# 1️⃣ Create Sample CSV Files
We will create sample CSV files for products and orders so we can work with them in PySpark.  

- **products.csv** contains: product_id, name, price  
- **orders.csv** contains: order_id, product_id, quantity, customer


In [1]:
# Sample products.csv
products_csv = """
product_id,name,price
1,Pen,10
2,Notebook,50
3,Eraser,5
4,Pencil,8
"""

with open("products.csv", "w") as f:
    f.write(products_csv)

# Sample orders.csv
orders_csv = """
order_id,product_id,quantity,customer
101,1,10,Alice
102,2,5,Bob
103,1,7,Charlie
104,3,20,Alice
105,4,15,Bob
106,2,10,Charlie
"""

with open("orders.csv", "w") as f:
    f.write(orders_csv)

print("CSV files created!")


CSV files created!


# 2️⃣ PySpark Setup
Install PySpark and create a SparkSession to work with DataFrames and perform operations.


In [2]:
!pip install pyspark

from pyspark.sql import SparkSession
from pyspark.sql.functions import col, sum, avg

# Create SparkSession
spark = SparkSession.builder.appName("CSV_Example").getOrCreate()




# 3️⃣ Load CSV Files
Load the CSV files into PySpark DataFrames and convert numeric columns to the correct types.  
Also, display the data to verify it is loaded correctly.


In [3]:
products_df = spark.read.option("header", True).csv("products.csv")
orders_df = spark.read.option("header", True).csv("orders.csv")

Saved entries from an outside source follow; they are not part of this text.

section \<open>Regions and NBC sets\<close>

lemma scrB_zero:
  fixes \<alpha> :: "nat \<Rightarrow> real^'n"
  assumes nonzero: "\<forall>i\<in>{1..m}. \<alpha> i \<noteq> 0"
  shows "scrB \<alpha> m 0 = (\<lambda>\<Delta>. ({}, \<Delta>)) ` regionA \<alpha> m"
proof -
  have "hyp \<alpha> i \<noteq> UNIV" if "i \<in> {1..m}" for i
  proof
    assume "hyp \<alpha> i = UNIV"
    then have "\<alpha> i \<in> hyp \<alpha> i" by simp
    then have "\<alpha> i \<bullet> \<alpha> i = 0" by (simp add: hyp_def)
    then show False using nonzero that by simp
  qed
  moreover have "0 \<in> hyp \<alpha> i" for i by (simp add: hyp_def)
  ultimately have "restr \<alpha> m 0 {} = hyp \<alpha> ` {1..m}"
    unfolding restr_def capB_empty by force
  then have "regions (capB \<alpha> {}) (restr \<alpha> m 0 {}) = regionA \<alpha> m"
    by (simp add: regionA_def capB_empty)
  then show ?thesis using NBC_empty[OF nonzero] by (auto simp: scrB_def)
qed

lemma scrB_top:
  fixes \<alpha> :: "nat \<Rightarrow> real^'n"
  shows "scrB \<alpha> m m = (\<lambda>B. (B, capB \<alpha> B)) ` NBCset \<alpha> m"
proof -
  have "sign_class \<alpha> {m+1..m} V x = V" "generic \<alpha> {m+1..m} V = V" for V and x :: "real^'n"
    by (auto simp: sign_class_def generic_def)
  then show ?thesis
    using zero_in_capB by (fastforce simp: mem_scrB_iff NBCset_def NBC_def)
qed

lemma bij_betw_phiComp:
  assumes "\<forall>k\<in>{1..m}. bij_betw (phi \<alpha> m k) (scrB \<alpha> m (k - 1)) (scrB \<alpha> m k)"
  shows "j \<le> m \<Longrightarrow> bij_betw (phiComp \<alpha> m j) (scrB \<alpha> m 0) (scrB \<alpha> m j)"
proof (induction j)
  case 0
  show ?case unfolding phiComp.simps by (rule bij_betw_id)
next
  case (Suc j)
  then have "bij_betw (phiComp \<alpha> m j) (scrB \<alpha> m 0) (scrB \<alpha> m j)" by simp
  moreover have "bij_betw (phi \<alpha> m (Suc j)) (scrB \<alpha> m j) (scrB \<alpha> m (Suc j))"
    using assms Suc.prems by force
  ultimately show ?case unfolding phiComp.simps by (rule bij_betw_trans)
qed

theorem mainTheorem6:
  fixes \<alpha> :: "nat \<Rightarrow> real^'n" and m :: nat
  assumes "\<forall>i\<in>{1..m}. \<alpha> i \<noteq> 0"
  shows "(\<forall>k\<in>{1..m}.
            (\<forall>p\<in>scrB \<alpha> m (k - 1).
               (\<exists>!R. R \<in> regions (capB \<alpha> (fst p)) (restr \<alpha> m k (fst p)) \<and> snd p \<subseteq> R) \<and>
               (snd p \<subseteq> Hpos \<alpha> k \<or> snd p \<subseteq> Hneg \<alpha> k)) \<and>
            bij_betw (phi \<alpha> m k) (scrB \<alpha> m (k - 1)) (scrB \<alpha> m k))
      \<and> (\<forall>\<Delta>\<in>regionA \<alpha> m. \<exists>B. phiComp \<alpha> m m ({}, \<Delta>) = (B, capB \<alpha> B))
      \<and> bij_betw (\<lambda>\<Delta>. fst (phiComp \<alpha> m m ({}, \<Delta>))) (regionA \<alpha> m) (NBCset \<alpha> m)"
proof -
  have steps: "\<forall>k\<in>{1..m}.
            (\<forall>p\<in>scrB \<alpha> m (k - 1).
               (\<exists>!R. R \<in> regions (capB \<alpha> (fst p)) (restr \<alpha> m k (fst p)) \<and> snd p \<subseteq> R) \<and>
               (snd p \<subseteq> Hpos \<alpha> k \<or> snd p \<subseteq> Hneg \<alpha> k)) \<and>
            bij_betw (phi \<alpha> m k) (scrB \<alpha> m (k - 1)) (scrB \<alpha> m k)"
    using phi_well_defined phi_bij by blast
  have start: "bij_betw (\<lambda>\<Delta>. ({}, \<Delta>)) (regionA \<alpha> m) (scrB \<alpha> m 0)"
    unfolding scrB_zero[OF assms] by (rule bij_betw_imageI) (auto simp: inj_on_def)
  have run: "bij_betw (phiComp \<alpha> m m \<circ> (\<lambda>\<Delta>. ({}, \<Delta>))) (regionA \<alpha> m) (scrB \<alpha> m m)"
    using bij_betw_trans[OF start bij_betw_phiComp] steps by blast
  have finish: "bij_betw fst (scrB \<alpha> m m) (NBCset \<alpha> m)"
    unfolding scrB_top by (rule bij_betw_imageI) (auto simp: inj_on_def image_image)
  have "\<exists>B. phiComp \<alpha> m m ({}, \<Delta>) = (B, capB \<alpha> B)" if "\<Delta> \<in> regionA \<alpha> m" for \<Delta>
    using bij_betwE[OF run] that unfolding scrB_top by auto
  moreover have "bij_betw (fst \<circ> (phiComp \<alpha> m m \<circ> (\<lambda>\<Delta>. ({}, \<Delta>)))) (regionA \<alpha> m) (NBCset \<alpha> m)"
    using run finish by (rule bij_betw_trans)
  ultimately show ?thesis using steps by (auto simp: comp_def)
qed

# Convert numeric columns to appropriate types
products_df = products_df.withColumn("price", col("price").cast("float"))
orders_df = orders_df.withColumn("quantity", col("quantity").cast("int"))

# Display data
products_df.show()
orders_df.show()


+----------+--------+-----+
|product_id|    name|price|
+----------+--------+-----+
|         1|     Pen| 10.0|
|         2|Notebook| 50.0|
|         3|  Eraser|  5.0|
|         4|  Pencil|  8.0|
+----------+--------+-----+

+--------+----------+--------+--------+
|order_id|product_id|quantity|customer|
+--------+----------+--------+--------+
|     101|         1|      10|   Alice|
|     102|         2|       5|     Bob|
|     103|         1|       7| Charlie|
|     104|         3|      20|   Alice|
|     105|         4|      15|     Bob|
|     106|         2|      10| Charlie|
+--------+----------+--------+--------+



# 4️⃣ Basic Operations
Perform basic DataFrame operations:  
- Select specific columns  
- Filter rows based on conditions


In [4]:
# Select specific columns
products_df.select("name", "price").show()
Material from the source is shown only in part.